» **Problem statement**:
In the data below, find every line with the string "proof" and pull it out.

» **Data records**:
lemma pivot_nonneg:
  assumes nn: "nonneg_mat S (cur_q T)" and iM: "i \<in> M" and MS: "M \<subseteq> S" and d: "cur_q T i i < 1"
  shows "nonneg_mat S (cur_q (pivot T M i))"
  unfolding nonneg_mat_def
proof (intro ballI)
  fix j l assume j: "j \<in> S" and l: "l \<in> S"
  have iS: "i \<in> S" using iM MS by auto
  show "0 \<le> cur_q (pivot T M i) j l"
  proof (cases "l = i")
    case True
    then show ?thesis
      using nn j iS d unfolding nonneg_mat_def
      by (simp add: pivot_cur_q[OF iM] pivot_mult_def field_simps)
  next
    case False
    then show ?thesis
      using nn j l iS d pivot_mult_nonneg[OF nn iS j d, of M] unfolding nonneg_mat_def
      by (simp add: pivot_cur_q[OF iM])
  qed
qed

lemma pivot_row_decreases:
  assumes fin: "finite S" and nn: "nonneg_mat S (cur_q T)" and iM: "i \<in> M" and MS: "M \<subseteq> S"
    and d: "cur_q T i i < 1" and jS: "j \<in> S"
    and pivot_row: "(\<Sum>l\<in>S. cur_q T i l * y l) \<le> y i"
  shows "(\<Sum>l\<in>S. cur_q (pivot T M i) j l * y l) \<le> (\<Sum>l\<in>S. cur_q T j l * y l)"
proof -
  have iS: "i \<in> S" using iM MS by auto
  have "pivot_mult T M i j * ((\<Sum>l\<in>S. cur_q T i l * y l) - y i) \<le> 0"
    using pivot_mult_nonneg[OF nn iS jS d] pivot_row by (simp add: mult_nonneg_nonpos)
  then show ?thesis using pivot_row_apply[OF fin iS iM] d by simp
qed

lemma pivot_strictly_excessive:
  assumes fin: "finite S" and nn: "nonneg_mat S (cur_q T)" and iM: "i \<in> M" and MS: "M \<subseteq> S"
    and ex: "strictly_excessive S (cur_q T) x"
  shows "strictly_excessive S (cur_q (pivot T M i)) x"
proof -
  have d: "cur_q T i i < 1" using diag_less_one[OF fin nn ex] iM MS by auto
  have "(\<Sum>l\<in>S. cur_q T i l * x l) \<le> x i"
    using ex iM MS unfolding strictly_excessive_def by (auto intro: less_imp_le)
  then show ?thesis
    using ex pivot_row_decreases[OF fin nn iM MS d] unfolding strictly_excessive_def
    by (meson le_less_trans)
qed

text \<open>Each of the hypotheses RN, RA, RS survives a pivot: RN because the all-ones
  vector is excessive, RA and RS because the rewards change by c j * r i with c \<ge> 0.\<close>
lemma pivot_hyp_holds:
  assumes fin: "finite S" and nn: "nonneg_mat S (cur_q T)" and iM: "i \<in> M" and MS: "M \<subseteq> S"
    and d: "cur_q T i i < 1" and hyp: "hyp_holds H S (cur_q T) (cur_r T)"
  shows "hyp_holds H S (cur_q (pivot T M i)) (cur_r (pivot T M i))"
proof -
  have iS: "i \<in> S" using iM MS by auto
  have d': "cur_q T i i \<noteq> 1" using d by simp
  note c_nonneg = pivot_mult_nonneg[OF nn iS _ d, of _ M]
  show ?thesis
  proof (cases H)
    case RN
    then have row1: "\<And>j. j \<in> S \<Longrightarrow> (\<Sum>l\<in>S. cur_q T j l * 1) \<le> 1"
      using hyp unfolding hyp_holds_def by simp
    have "(\<Sum>l\<in>S. cur_q (pivot T M i) j l * 1) \<le> 1" if "j \<in> S" for j
      using pivot_row_decreases[OF fin nn iM MS d that row1[OF iS]] row1[OF that] by linarith
    then show ?thesis using RN unfolding hyp_holds_def by simp
  next
    case RA
    then show ?thesis using hyp iS c_nonneg unfolding hyp_holds_def
      by (auto simp: pivot_cur_r[OF iM d'] intro!: add_nonpos_nonpos mult_nonneg_nonpos)
  next
    case RS
    then show ?thesis using hyp iS c_nonneg unfolding hyp_holds_def
      by (auto simp: pivot_cur_r[OF iM d'] intro!: add_nonneg_nonneg mult_nonneg_nonneg)
  qed
qed

text \<open>The invariant carried through the Triangularizer: nonnegative data for which x
  is strictly excessive and which satisfy the hypothesis H.\<close>
definition admissible :: "hyp \<Rightarrow> 'a set \<Rightarrow> ('a \<Rightarrow> real) \<Rightarrow> 'a tableau \<Rightarrow> bool" where
  "admissible H S x T \<longleftrightarrow> nonneg_mat S (cur_q T) \<and> strictly_excessive S (cur_q T) x
     \<and> hyp_holds H S (cur_q T) (cur_r T)"

lemma pivot_admissible:
  assumes fin: "finite S" and iM: "i \<in> M" and MS: "M \<subseteq> S" and adm: "admissible H S x T"
  shows "cur_q T i i < 1 \<and> admissible H S x (pivot T M i)"
proof -
  have nn: "nonneg_mat S (cur_q T)" and ex: "strictly_excessive S (cur_q T) x"
    and hyp: "hyp_holds H S (cur_q T) (cur_r T)"
    using adm unfolding admissible_def by auto
  have d: "cur_q T i i < 1" using diag_less_one[OF fin nn ex] iM MS by auto
  show ?thesis
    unfolding admissible_def
    using d pivot_nonneg[OF nn iM MS d] pivot_strictly_excessive[OF fin nn iM MS ex]
      pivot_hyp_holds[OF fin nn iM MS d hyp] by blast
qed

section \<open>The run of the Triangularizer\<close>

lemma tri_step_pivot:
  "M \<noteq> {} \<Longrightarrow> tri_step L (T, M) = (pivot T M (select L M), M - {select L M})"
  by (simp add: tri_step_def pivot_def Let_def)

lemma select_in: "finite M \<Longrightarrow> M \<noteq> {} \<Longrightarrow> select L M \<in> M"
  unfolding select_def by (rule arg_min_if_finite(1))

lemma tri_run_Suc: "tri_run L Nk q r (Suc n) = tri_step L (tri_run L Nk q r n)"
  by (simp add: tri_run_def)

lemma cur_q_init: "cur_q (init_tableau q r) = q"
  by (auto simp: fun_eq_iff cur_q_def init_tableau_def)

lemma cur_r_init: "cur_r (init_tableau q r) = r"
  by (auto simp: fun_eq_iff cur_r_def init_tableau_def)

lemma tri_run_invariant:
  assumes fin: "finite Nk" and adm0: "admissible H Nk x (init_tableau q r)"
  shows "snd (tri_run L Nk q r n) \<subseteq> Nk \<and> card (snd (tri_run L Nk q r n)) = card Nk - n
    \<and> admissible H Nk x (fst (tri_run L Nk q r n))"
proof (induction n)
  case 0 then show ?case using adm0 by (simp add: tri_run_def)
next
  case (Suc n)
  obtain T M where run: "tri_run L Nk q r n = (T, M)" by (cases "tri_run L Nk q r n")
  have MN: "M \<subseteq> Nk" and cM: "card M = card Nk - n" and adm: "admissible H Nk x T"
    using Suc run by auto
  show ?case
  proof (cases "M = {}")
    case True
    then show ?thesis using MN cM adm by (simp add: tri_run_Suc run tri_step_def)
  next
    case False
    have finM: "finite M" using MN fin finite_subset by blast
    have iM: "select L M \<in> M" using select_in[OF finM False] .
    have "card (M - {select L M}) = card Nk - Suc n" using cM iM finM by simp
    then show ?thesis
      using pivot_admissible[OF fin iM MN adm] MN
      by (auto simp: tri_run_Suc run tri_step_pivot[OF False])
  qed
qed

theorem proposition3p1:
  fixes N Nk :: "'a set" and L :: "'a option \<Rightarrow> nat"
    and q :: "'a \<Rightarrow> 'a \<Rightarrow> real" and r :: "'a \<Rightarrow> real" and H :: hyp
  assumes "finite N" and "Nk \<subseteq> N" and "labeling N L"
    and "nonneg_mat Nk q" and "transient Nk q" and "hyp_holds H Nk q r"
  shows "\<forall>n < card Nk.
           (let T = fst (tri_run L Nk q r n); M = snd (tri_run L Nk q r n);
                i = select L M; T' = fst (tri_run L Nk q r (Suc n))
            in cur_q T i i < 1
               \<and> nonneg_mat Nk (cur_q T') \<and> transient Nk (cur_q T')
               \<and> hyp_holds H Nk (cur_q T') (cur_r T'))"
proof (intro allI impI)
  fix n assume n: "n < card Nk"
  have fin: "finite Nk" using assms(1,2) finite_subset by blast
  obtain x where "strictly_excessive Nk q x" using excessive_if_transient[OF fin assms(4,5)] .
  then have adm0: "admissible H Nk x (init_tableau q r)"
    using assms(4,6) by (simp add: admissible_def cur_q_init cur_r_init)
  obtain T M where run: "tri_run L Nk q r n = (T, M)" by (cases "tri_run L Nk q r n")
  have MN: "M \<subseteq> Nk" and cM: "card M = card Nk - n" and adm: "admissible H Nk x T"
    using tri_run_invariant[OF fin adm0, of L n] unfolding run by simp_all
  have "M \<noteq> {}" using cM n by auto
  then have iM: "select L M \<in> M" and
    step: "tri_run L Nk q r (Suc n) = (pivot T M (select L M), M - {select L M})"
    using select_in[OF finite_subset[OF MN fin]] by (simp_all add: tri_run_Suc run tri_step_pivot)
  define T' where "T' = pivot T M (select L M)"
  have diag: "cur_q T (select L M) (select L M) < 1" and adm': "admissible H Nk x T'"
    using pivot_admissible[OF fin iM MN adm] unfolding T'_def by simp_all
  then have "nonneg_mat Nk (cur_q T')" and "transient Nk (cur_q T')"
    and "hyp_holds H Nk (cur_q T') (cur_r T')"
    using transient_if_excessive[OF fin] unfolding admissible_def by blast+
  with diag show "let T = fst (tri_run L Nk q r n); M = snd (tri_run L Nk q r n);
                i = select L M; T' = fst (tri_run L Nk q r (Suc n))
            in cur_q T i i < 1
               \<and> nonneg_mat Nk (cur_q T') \<and> transient Nk (cur_q T')
               \<and> hyp_holds H Nk (cur_q T') (cur_r T')"
    unfolding Let_def run step T'_def by simp
qed

end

» **Response**:
proof (intro ballI)
  proof (cases "l = i")
proof -
proof -
proof -
  proof (cases H)
proof -
proof (induction n)
  proof (cases "M = {}")
proof (intro allI impI)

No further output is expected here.